So, two years ago I quit my job. I took that terrifying leap without a safety net. With a stupid mix of over-confidence and ignorance, I was convinced that it would be a simple thing to find another job… who was I kidding? There are no jobs - not in my field, anyways.
Ok, thats a lie. There ARE jobs in my field. The problem was I just didn't want them. With each online application, job description and interview, I felt more and more repelled by the idea of working in the same field. I felt like a part of me was shrivelling up and dying each time I opened my browser to search. So I stopped searching.
I decided to take a break from job hunting. I deserved a break, didn't I? And so I did - break.
I did a bunch of different things. I booked a european trip that spanned from Scotland to England and to France. I spent time with family and friends from out of town. I generally reacquainted myself with waking up without an alarm clock, showering on alternate days (more lies… way less frequent than alternate days) and getting back in touch with people i had lost track of. I renounced all my bras and stopped using concealer and corrector.
Another interesting thing happened: without the schedule and routine of a job, I suddenly had an abundance of time on my hands. Sure, some of this time was spent zombie-like in front of Netflix, but most was not.
Before this time, I didn't have any hobbies or interests. I would panic if anyone asked. Umm.. reading? “Film”? Seriously, who has time for hobbies? BUT NOW - I could find time.
Here’s what I decided to jump into (things to keep in mind: I am a 90 year old woman in a 36 year old’s body, who has been TOLD she looks not a day over 29):
—Recipes (Not cooking. Recipes)
—DIY (not well)
—Crafts (not well at ALL)
—Research (body care - hence the business, but thats another blog for another time)
—Online dating (yes, weird interest. Move along)
—Makeup trends (but not necessarily on my face)
—Pinterest (You guys! How come no one told me about Pinterest before?)
My interests are mainly sedentary - I can see that - but they make me so HAPPY and FULL. I’ve expanded my outlook on life and on myself. These little things made me cheerful and curious and generally a better person.
Career wise, my business idea actually sprang from this time of my life when i was exploring new things. Some of my DIY work (the better aspects of it) centred around natural beauty and skin care. I researched and tested and experimented till I had a skeleton of an idea. Again - another blog for another time.

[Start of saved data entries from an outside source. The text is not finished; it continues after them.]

lemma cap_lsc_add:
  fixes f1 f2 :: "'a::metric_space \<Rightarrow> ennreal"
  assumes \<P>: "\<forall>P\<in>\<P>. borel_prob P" and p: "1 \<le> p" and "lsc f1" "lsc f2"
  shows "cap_lsc \<P> p (\<lambda>x. f1 x + f2 x) \<le> cap_lsc \<P> p f1 + cap_lsc \<P> p f2"
  unfolding cap_lsc_def[of _ _ "\<lambda>x. f1 x + f2 x"]
proof (intro SUP_least)
  have p0: "0 < p" using p by simp
  obtain \<psi>1 where 1: "\<And>k. \<psi>1 k \<in> Cb" "\<And>k x. 0 \<le> \<psi>1 k x" "\<And>k x. ennreal (\<psi>1 k x) \<le> f1 x"
      "\<And>x. incseq (\<lambda>k. \<psi>1 k x)" "\<And>x. (SUP k. ennreal (\<psi>1 k x)) = f1 x"
    using lsc_SUP_Cb[OF \<open>lsc f1\<close>] by metis
  obtain \<psi>2 where 2: "\<And>k. \<psi>2 k \<in> Cb" "\<And>k x. 0 \<le> \<psi>2 k x" "\<And>k x. ennreal (\<psi>2 k x) \<le> f2 x"
      "\<And>x. incseq (\<lambda>k. \<psi>2 k x)" "\<And>x. (SUP k. ennreal (\<psi>2 k x)) = f2 x"
    using lsc_SUP_Cb[OF \<open>lsc f2\<close>] by metis
  fix \<psi> assume "\<psi> \<in> {\<phi> \<in> Cb. \<forall>x. 0 \<le> \<phi> x \<and> ennreal (\<phi> x) \<le> f1 x + f2 x}"
  then have \<psi>: "\<psi> \<in> Cb" "\<And>x. 0 \<le> \<psi> x" "\<And>x. ennreal (\<psi> x) \<le> f1 x + f2 x" by auto
  define u where "u k x = \<psi>1 k x + \<psi>2 k x" for k x
  have u: "u k \<in> Cb" "0 \<le> u k x" for k x
    unfolding u_def using 1(1,2) 2(1,2) by (auto intro: Cb_add)
  have "ennreal (\<psi> x) \<le> (SUP k. ennreal (u k x))" for x
  proof -
    have "(SUP k. ennreal (u k x)) = (SUP k. ennreal (\<psi>1 k x) + ennreal (\<psi>2 k x))"
      unfolding u_def using 1(2) 2(2) by (simp add: ennreal_plus)
    also have "\<dots> = f1 x + f2 x"
      using 1(4,5) 2(4,5) by (subst ennreal_SUP_add) (auto simp: incseq_def intro: ennreal_leI)
    finally show ?thesis using \<psi>(3) by simp
  qed
  moreover have "incseq (\<lambda>k. u k x)" for x
    using 1(4) 2(4) by (auto simp: incseq_def u_def intro: add_mono)
  ultimately have lim: "(\<lambda>k. min (\<psi> x) (u k x)) \<longlonglongrightarrow> \<psi> x" for x
    using u by (intro tendsto_min_incseq)
  obtain B where B: "\<forall>x. \<bar>\<psi> x\<bar> \<le> B" using Cb_bounded[OF \<psi>(1)] by auto
  show "cap_Cb \<P> p \<psi> \<le> cap_lsc \<P> p f1 + cap_lsc \<P> p f2"
    unfolding cap_Cb_eq_SUP_Lp_norm
  proof (intro SUP_least)
    fix P assume "P \<in> \<P>"
    with \<P> have P: "borel_prob P" by auto
    have "(\<lambda>k. Lp_norm P p (\<lambda>x. min (\<psi> x) (u k x))) \<longlonglongrightarrow> Lp_norm P p \<psi>"
      using B \<psi>(2) u(2) lim
      by (intro Lp_norm_tendsto[OF P p0 Cb_min[OF \<psi>(1) u(1)] \<psi>(1), of _ B]) (auto simp: min_le_iff_disj)
    then show "ennreal (Lp_norm P p \<psi>) \<le> cap_lsc \<P> p f1 + cap_lsc \<P> p f2"
    proof (rule LIMSEQ_le_const2[OF tendsto_ennrealI], intro exI allI impI)
      fix k
      have "Lp_norm P p (\<lambda>x. min (\<psi> x) (u k x)) \<le> Lp_norm P p (u k)"
        using P \<psi> u p0 by (intro Lp_norm_mono Cb_min) auto
      also have "\<dots> \<le> Lp_norm P p (\<psi>1 k) + Lp_norm P p (\<psi>2 k)"
        unfolding u_def using P 1(1) 2(1) p by (rule Lp_norm_triangle)
      finally have "ennreal (Lp_norm P p (\<lambda>x. min (\<psi> x) (u k x)))
          \<le> ennreal (Lp_norm P p (\<psi>1 k)) + ennreal (Lp_norm P p (\<psi>2 k))"
        by (simp add: ennreal_plus[symmetric] ennreal_leI del: ennreal_plus)
      also have "\<dots> \<le> cap_lsc \<P> p f1 + cap_lsc \<P> p f2"
        using \<open>P \<in> \<P>\<close> 1 2
        by (intro add_mono order_trans[OF Lp_norm_le_cap_Cb cap_Cb_le_cap_lsc]) auto
      finally show "ennreal (Lp_norm P p (\<lambda>x. min (\<psi> x) (u k x))) \<le> cap_lsc \<P> p f1 + cap_lsc \<P> p f2" .
    qed
  qed
qed

lemma cap_add_le:
  fixes a b :: "'a::metric_space \<Rightarrow> real"
  assumes \<P>: "\<forall>P\<in>\<P>. borel_prob P" and p: "1 \<le> p"
  shows "cap \<P> p (\<lambda>x. a x + b x) \<le> cap \<P> p a + cap \<P> p b"
proof (rule ennreal_le_epsilon)
  fix e :: real assume fin: "cap \<P> p a + cap \<P> p b < top" and e: "0 < e"
  have "cap \<P> p a < cap \<P> p a + ennreal (e/2)" "cap \<P> p b < cap \<P> p b + ennreal (e/2)"
    using fin e by auto
  then obtain f1 f2 where
      f1: "lsc f1" "\<forall>x. ennreal \<bar>a x\<bar> \<le> f1 x" "cap_lsc \<P> p f1 < cap \<P> p a + ennreal (e/2)"
    and f2: "lsc f2" "\<forall>x. ennreal \<bar>b x\<bar> \<le> f2 x" "cap_lsc \<P> p f2 < cap \<P> p b + ennreal (e/2)"
    unfolding cap_def[of _ _ a] cap_def[of _ _ b] by (auto simp: INF_less_iff)
  have "cap \<P> p (\<lambda>x. a x + b x) \<le> cap_lsc \<P> p (\<lambda>x. f1 x + f2 x)"
  proof (rule cap_le_cap_lsc)
    show "lsc (\<lambda>x. f1 x + f2 x)" using f1 f2 by (intro lsc_add) auto
    fix x
    have "ennreal \<bar>a x + b x\<bar> \<le> ennreal \<bar>a x\<bar> + ennreal \<bar>b x\<bar>"
      by (simp add: ennreal_plus[symmetric] ennreal_leI del: ennreal_plus)
    also have "\<dots> \<le> f1 x + f2 x" using f1 f2 by (intro add_mono) auto
    finally show "ennreal \<bar>a x + b x\<bar> \<le> f1 x + f2 x" .
  qed
  also have "\<dots> \<le> cap_lsc \<P> p f1 + cap_lsc \<P> p f2" using \<P> p f1 f2 by (intro cap_lsc_add) auto
  also have "\<dots> \<le> (cap \<P> p a + ennreal (e/2)) + (cap \<P> p b + ennreal (e/2))"
    using f1 f2 by (intro add_mono) auto
  also have "\<dots> = cap \<P> p a + cap \<P> p b + ennreal e"
    using e by (simp add: ennreal_plus[symmetric] add_ac del: ennreal_plus)
  finally show "cap \<P> p (\<lambda>x. a x + b x) \<le> cap \<P> p a + cap \<P> p b + ennreal e" .
qed

lemma cap_diff_le:
  fixes g :: "'a::metric_space \<Rightarrow> real"
  assumes "\<forall>P\<in>\<P>. borel_prob P" and "1 \<le> p"
  shows "cap \<P> p (\<lambda>x. \<phi> x - \<psi> x) \<le> cap \<P> p (\<lambda>x. g x - \<phi> x) + cap \<P> p (\<lambda>x. g x - \<psi> x)"
proof -
  have "cap \<P> p (\<lambda>x. \<phi> x - \<psi> x) = cap \<P> p (\<lambda>x. (\<phi> x - g x) + (g x - \<psi> x))" by simp
  also have "\<dots> \<le> cap \<P> p (\<lambda>x. \<phi> x - g x) + cap \<P> p (\<lambda>x. g x - \<psi> x)"
    using assms by (rule cap_add_le)
  finally show ?thesis by (simp add: cap_diff_commute[of _ _ \<phi> g])
qed

section \<open>The continuous extension of a measure in \<open>M\<^sup>+(c\<^sub>p)\<close>\<close>

lemma MplusE:
  assumes "\<mu> \<in> Mplus \<P> p"
  obtains C where "0 \<le> C" "\<And>\<phi>. \<phi> \<in> Cb \<Longrightarrow> ennreal \<bar>integral\<^sup>L \<mu> \<phi>\<bar> \<le> ennreal C * cap \<P> p \<phi>"
proof -
  obtain C where C: "\<forall>\<phi>\<in>Cb. ennreal \<bar>integral\<^sup>L \<mu> \<phi>\<bar> \<le> ennreal C * cap \<P> p \<phi>"
    using assms by (auto simp: Mplus_def)
  have "ennreal C = ennreal (max 0 C)" by (cases "C \<le> 0") (auto simp: ennreal_eq_0_iff max_def)
  then show ?thesis using that[of "max 0 C"] C by auto
qed

lemma Mplus_borel_finite: "\<mu> \<in> Mplus \<P> p \<Longrightarrow> borel_finite \<mu>"
  by (simp add: Mplus_def)

lemma Mplus_integral_diff_le:
  fixes g :: "'a::metric_space \<Rightarrow> real"
  assumes "\<forall>P\<in>\<P>. borel_prob P" "1 \<le> p" "\<mu> \<in> Mplus \<P> p"
    and C: "\<And>\<phi>. \<phi> \<in> Cb \<Longrightarrow> ennreal \<bar>integral\<^sup>L \<mu> \<phi>\<bar> \<le> ennreal C * cap \<P> p \<phi>"
    and \<phi>: "\<phi> \<in> Cb" and \<psi>: "\<psi> \<in> Cb"
  shows "ennreal \<bar>integral\<^sup>L \<mu> \<phi> - integral\<^sup>L \<mu> \<psi>\<bar>
    \<le> ennreal C * (cap \<P> p (\<lambda>x. g x - \<phi> x) + cap \<P> p (\<lambda>x. g x - \<psi> x))"
proof -
  have "integral\<^sup>L \<mu> \<phi> - integral\<^sup>L \<mu> \<psi> = integral\<^sup>L \<mu> (\<lambda>x. \<phi> x - \<psi> x)"
    using \<phi> \<psi> Mplus_borel_finite[OF assms(3)] by (simp add: Cb_integrable)
  then have "ennreal \<bar>integral\<^sup>L \<mu> \<phi> - integral\<^sup>L \<mu> \<psi>\<bar> \<le> ennreal C * cap \<P> p (\<lambda>x. \<phi> x - \<psi> x)"
    using C[OF Cb_diff[OF \<phi> \<psi>]] by simp
  also have "\<dots> \<le> ennreal C * (cap \<P> p (\<lambda>x. g x - \<phi> x) + cap \<P> p (\<lambda>x. g x - \<psi> x))"
    using assms(1,2) by (intro mult_left_mono cap_diff_le) auto
  finally show ?thesis .
qed

definition is_ext_val ::
    "'a::topological_space measure set \<Rightarrow> real \<Rightarrow> 'a measure \<Rightarrow> ('a \<Rightarrow> real) \<Rightarrow> real \<Rightarrow> bool"
  where
  "is_ext_val \<P> p \<mu> g v \<longleftrightarrow> (\<forall>e>0. \<exists>d>0. \<forall>\<phi>\<in>Cb.
       cap \<P> p (\<lambda>x. g x - \<phi> x) < ennreal d \<longrightarrow> \<bar>integral\<^sup>L \<mu> \<phi> - v\<bar> < e)"

lemma is_ext_val_tendsto:
  assumes "is_ext_val \<P> p \<mu> g v" "\<And>k. fs k \<in> Cb" "(\<lambda>k. cap \<P> p (\<lambda>x. g x - fs k x)) \<longlonglongrightarrow> 0"
  shows "(\<lambda>k. integral\<^sup>L \<mu> (fs k)) \<longlonglongrightarrow> v"
proof (rule LIMSEQ_I)
  fix r :: real assume "0 < r"
  then obtain d where d: "0 < d"
    "\<forall>\<phi>\<in>Cb. cap \<P> p (\<lambda>x. g x - \<phi> x) < ennreal d \<longrightarrow> \<bar>integral\<^sup>L \<mu> \<phi> - v\<bar> < r"
    using assms(1) unfolding is_ext_val_def by blast
  then have "\<forall>\<^sub>F k in sequentially. cap \<P> p (\<lambda>x. g x - fs k x) < ennreal d"
    using order_tendstoD(2)[OF assms(3)] by simp
  then show "\<exists>no. \<forall>n\<ge>no. norm (integral\<^sup>L \<mu> (fs n) - v) < r"
    using d assms(2) by (auto simp: eventually_sequentially)
qed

This time to focus and breathe was probably the best gift I have ever given myself.
I now understand the predominantly European concept of a gap year. The time off from the ceaseless planning and coordinating of our lives offers a chance to break, regroup and refocus. Once those eyes are clear, theres a chance that we start seeing the right path, with clarity (or, at least, the next path that takes us to the right path).
And at the VERY least, we learn how to knit terrible hats for our families to keep their heads warm and crafty.